[Collected data]
^^^^^^^^
lemma set_integral_abs_log_kernel_mult_le_modulus:
  fixes g :: "real \<Rightarrow> real"
  assumes "g \<in> borel_measurable borel" "\<And>y. \<bar>g y\<bar> \<le> 1" "\<And>y. \<bar>g y\<bar> \<le> \<delta> * sqrt (1 + \<bar>y\<bar>)"
    and "0 \<le> \<delta>" "\<bar>x\<bar> \<le> M"
  shows "(LINT y:{0<..}|lborel. \<bar>log_kernel x y\<bar> * \<bar>g y\<bar>) \<le> \<bar>x\<bar> * Top_modulus M \<delta>"
proof (cases "x = 0")
  case False
  then have "0 < \<bar>x\<bar>"
    by simp
  let ?d = "\<lambda>y. \<bar>log_kernel x y\<bar> * \<bar>g y\<bar>"
  have "(LINT y:{0<..}|lborel. ?d y) = \<bar>x\<bar> * (LINT t:{0<..}|lborel. ?d (\<bar>x\<bar> * t))"
    by (rule set_integral_Ioi_rescale[OF \<open>0 < \<bar>x\<bar>\<close>])
  also have "\<dots> \<le> \<bar>x\<bar> * Top_modulus M \<delta>"
    unfolding Top_modulus_def
  proof (intro mult_left_mono set_integral_mono)
    show "set_integrable lborel {0<..} (\<lambda>t. ?d (\<bar>x\<bar> * t))"
      using set_integrable_abs[OF set_integrable_log_kernel_mult[OF assms(1,2)]]
        set_integrable_Ioi_rescale_iff[OF \<open>0 < \<bar>x\<bar>\<close>, of ?d] by (simp add: abs_mult)
    show "set_integrable lborel {0<..}
        (\<lambda>t. min \<bar>log_kernel 1 t\<bar> (\<delta> * (\<bar>log_kernel 1 t\<bar> * sqrt (1 + M * t))))"
      using set_integrable_abs[OF set_integrable_log_kernel_one] assms(4,5)
      by (intro set_integrable_min_scaled) auto
    fix t :: real
    assume "t \<in> {0<..}"
    have "\<bar>g (\<bar>x\<bar> * t)\<bar> \<le> \<delta> * sqrt (1 + \<bar>x\<bar> * t)"
      using assms(3)[of "\<bar>x\<bar> * t"] \<open>t \<in> {0<..}\<close> by (simp add: abs_mult)
    also have "\<dots> \<le> \<delta> * sqrt (1 + M * t)"
      using \<open>t \<in> {0<..}\<close> assms(4,5) by (intro mult_left_mono) (auto intro!: mult_right_mono)
    finally show "?d (\<bar>x\<bar> * t) \<le> min \<bar>log_kernel 1 t\<bar> (\<delta> * (\<bar>log_kernel 1 t\<bar> * sqrt (1 + M * t)))"
      using assms(2)[of "\<bar>x\<bar> * t"] log_kernel_scale[OF False, of t] \<open>t \<in> {0<..}\<close>
      by (auto intro: mult_left_le mult_left_mono simp: mult.left_commute[of \<delta>])
  qed simp
  finally show ?thesis .
qed simp

lemma abs_Top_diff_le_modulus:
  assumes "\<omega> \<in> Da a" "\<omega>' \<in> Da a" "0 \<le> \<delta>" "\<And>y. \<bar>\<omega>' y - \<omega> y\<bar> \<le> \<delta> * sqrt (1 + \<bar>y\<bar>)"
    and "\<bar>x\<bar> \<le> M"
  shows "\<bar>Top \<omega>' x - Top \<omega> x\<bar> \<le> M / pi * Top_modulus M \<delta>"
proof -
  note [measurable] = Da_D(1)[OF assms(1)] Da_D(1)[OF assms(2)]
  have "0 \<le> M"
    using assms(5) by linarith
  have "(LINT y:{0<..}|lborel. \<bar>log_kernel x y\<bar> * \<bar>\<omega>' y - \<omega> y\<bar>) \<le> \<bar>x\<bar> * Top_modulus M \<delta>"
    using Da_diff_bounds(1)[OF assms(1,2)] assms(3-5)
    by (intro set_integral_abs_log_kernel_mult_le_modulus) auto
  also have "\<dots> \<le> M * Top_modulus M \<delta>"
    using assms(5) Top_modulus_nonneg[OF \<open>0 \<le> M\<close> assms(3)] by (intro mult_right_mono) auto
  finally have "(1/pi) * (LINT y:{0<..}|lborel. \<bar>log_kernel x y\<bar> * \<bar>\<omega>' y - \<omega> y\<bar>)
      \<le> M / pi * Top_modulus M \<delta>"
    by (simp add: divide_right_mono)
  then show ?thesis
    by (rule order_trans[OF abs_Top_diff_le[OF assms(1,2)]])
qed

definition rfun_modulus :: "real \<Rightarrow> real" where
  "rfun_modulus \<delta> = (LINT y:{0<..}|lborel. min (2 / (1 + y\<^sup>2)) (\<delta> * (sqrt (1 + y) / y\<^sup>2)))"

lemma rfun_modulus_tendsto_0: "(rfun_modulus \<longlongrightarrow> 0) (at_right 0)"
  unfolding rfun_modulus_def[abs_def] using set_integrable_two_div_1_plus_square
  by (intro tendsto_set_integral_min_at_right_0) (auto intro!: add_pos_nonneg)

lemma abs_rfun_diff_le_modulus:
  assumes "\<omega> \<in> Da a" "\<omega>' \<in> Da a" "0 \<le> \<delta>" "\<And>y. \<bar>\<omega>' y - \<omega> y\<bar> \<le> \<delta> * sqrt (1 + \<bar>y\<bar>)"
  shows "\<bar>rfun \<omega>' - rfun \<omega>\<bar> \<le> rfun_modulus \<delta> / pi"
proof -
  note [measurable] = Da_D(1)[OF assms(1)] Da_D(1)[OF assms(2)]
  have "(LINT y:{0<..}|lborel. \<bar>\<omega>' y - \<omega> y\<bar> / y\<^sup>2) \<le> rfun_modulus \<delta>"
    unfolding rfun_modulus_def
  proof (rule set_integral_mono)
    show "set_integrable lborel {0<..} (\<lambda>y. \<bar>\<omega>' y - \<omega> y\<bar> / y\<^sup>2)"
      using Da_diff_bounds[OF assms(1,2)] by (intro set_integrable_div_square) auto
    show "set_integrable lborel {0<..} (\<lambda>y. min (2 / (1 + y\<^sup>2)) (\<delta> * (sqrt (1 + y) / y\<^sup>2)))"
      using set_integrable_two_div_1_plus_square assms(3)
      by (intro set_integrable_min_scaled) (auto intro!: add_pos_nonneg)
    fix y :: real
    assume "y \<in> {0<..}"
    then show "\<bar>\<omega>' y - \<omega> y\<bar> / y\<^sup>2 \<le> min (2 / (1 + y\<^sup>2)) (\<delta> * (sqrt (1 + y) / y\<^sup>2))"
      using Da_diff_bounds[OF assms(1,2), of y] assms(4)[of y]
      by (auto intro!: div_square_le_two_div_1_plus_square divide_right_mono)
  qed
  then show ?thesis
    by (intro order_trans[OF abs_rfun_diff_le[OF assms(1,2)]]) (simp add: divide_right_mono)
qed

lemma abs_Ra_diff_le_of_moduli:
  assumes "a < 1" "\<omega> \<in> Da a" "\<omega>' \<in> Da a" "0 \<le> \<delta>"
    and close: "\<And>y. \<bar>\<omega>' y - \<omega> y\<bar> \<le> \<delta> * sqrt (1 + \<bar>y\<bar>)"
    and "\<bar>x\<bar> \<le> M"
    and T: "M / pi * Top_modulus M \<delta> \<le> e * rfun \<omega> / 4"
    and r: "rfun_modulus \<delta> / pi \<le> min (rfun \<omega> / 2) (e * (rfun \<omega>)\<^sup>2 / (4 * (M * log_kernel_mass / pi + 1)))"
  shows "\<bar>Ra a \<omega>' x - Ra a \<omega> x\<bar> \<le> e"
proof -
  have "\<bar>x\<bar> * log_kernel_mass / pi \<le> M * log_kernel_mass / pi"
    using \<open>\<bar>x\<bar> \<le> M\<close> log_kernel_mass_nonneg by (intro divide_right_mono mult_right_mono) auto
  then have "Top \<omega> x \<le> M * log_kernel_mass / pi"
    using Top_le[OF assms(2), of x] by linarith
  have "\<bar>Ra a \<omega>' x - Ra a \<omega> x\<bar> \<le> \<bar>Top \<omega>' x / rfun \<omega>' - Top \<omega> x / rfun \<omega>\<bar>"
    unfolding Ra_eq_profile
    using lipschitz_onD[OF profile_lipschitz[OF assms(1)]] Top_nonneg[OF assms(2)] Top_nonneg[OF assms(3)]
      rfun_pos[OF assms(2)] rfun_pos[OF assms(3)] by (simp add: dist_real_def)
  also have "\<dots> \<le> e"
  proof (rule abs_divide_diff_le[OF rfun_pos[OF assms(2)] Top_nonneg[OF assms(2)] \<open>Top \<omega> x \<le> _\<close>])
    show "\<bar>Top \<omega>' x - Top \<omega> x\<bar> \<le> e * rfun \<omega> / 4"
      using abs_Top_diff_le_modulus[OF assms(2,3,4) close \<open>\<bar>x\<bar> \<le> M\<close>] T by linarith
    show "\<bar>rfun \<omega>' - rfun \<omega>\<bar> \<le> min (rfun \<omega> / 2) (e * (rfun \<omega>)\<^sup>2 / (4 * (M * log_kernel_mass / pi + 1)))"
      using abs_rfun_diff_le_modulus[OF assms(2,3,4) close] r by linarith
  qed
  finally show ?thesis .
qed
^^^^^^^^
## WORK TASK
Set down precisely the lines above between the line holding "pi \<le> min" and the line holding "log_kernel_mass / pi \<le>", inclusive, and nothing beyond them.

## RESPONSE BOX
    and r: "rfun_modulus \<delta> / pi \<le> min (rfun \<omega> / 2) (e * (rfun \<omega>)\<^sup>2 / (4 * (M * log_kernel_mass / pi + 1)))"
  shows "\<bar>Ra a \<omega>' x - Ra a \<omega> x\<bar> \<le> e"
proof -
  have "\<bar>x\<bar> * log_kernel_mass / pi \<le> M * log_kernel_mass / pi"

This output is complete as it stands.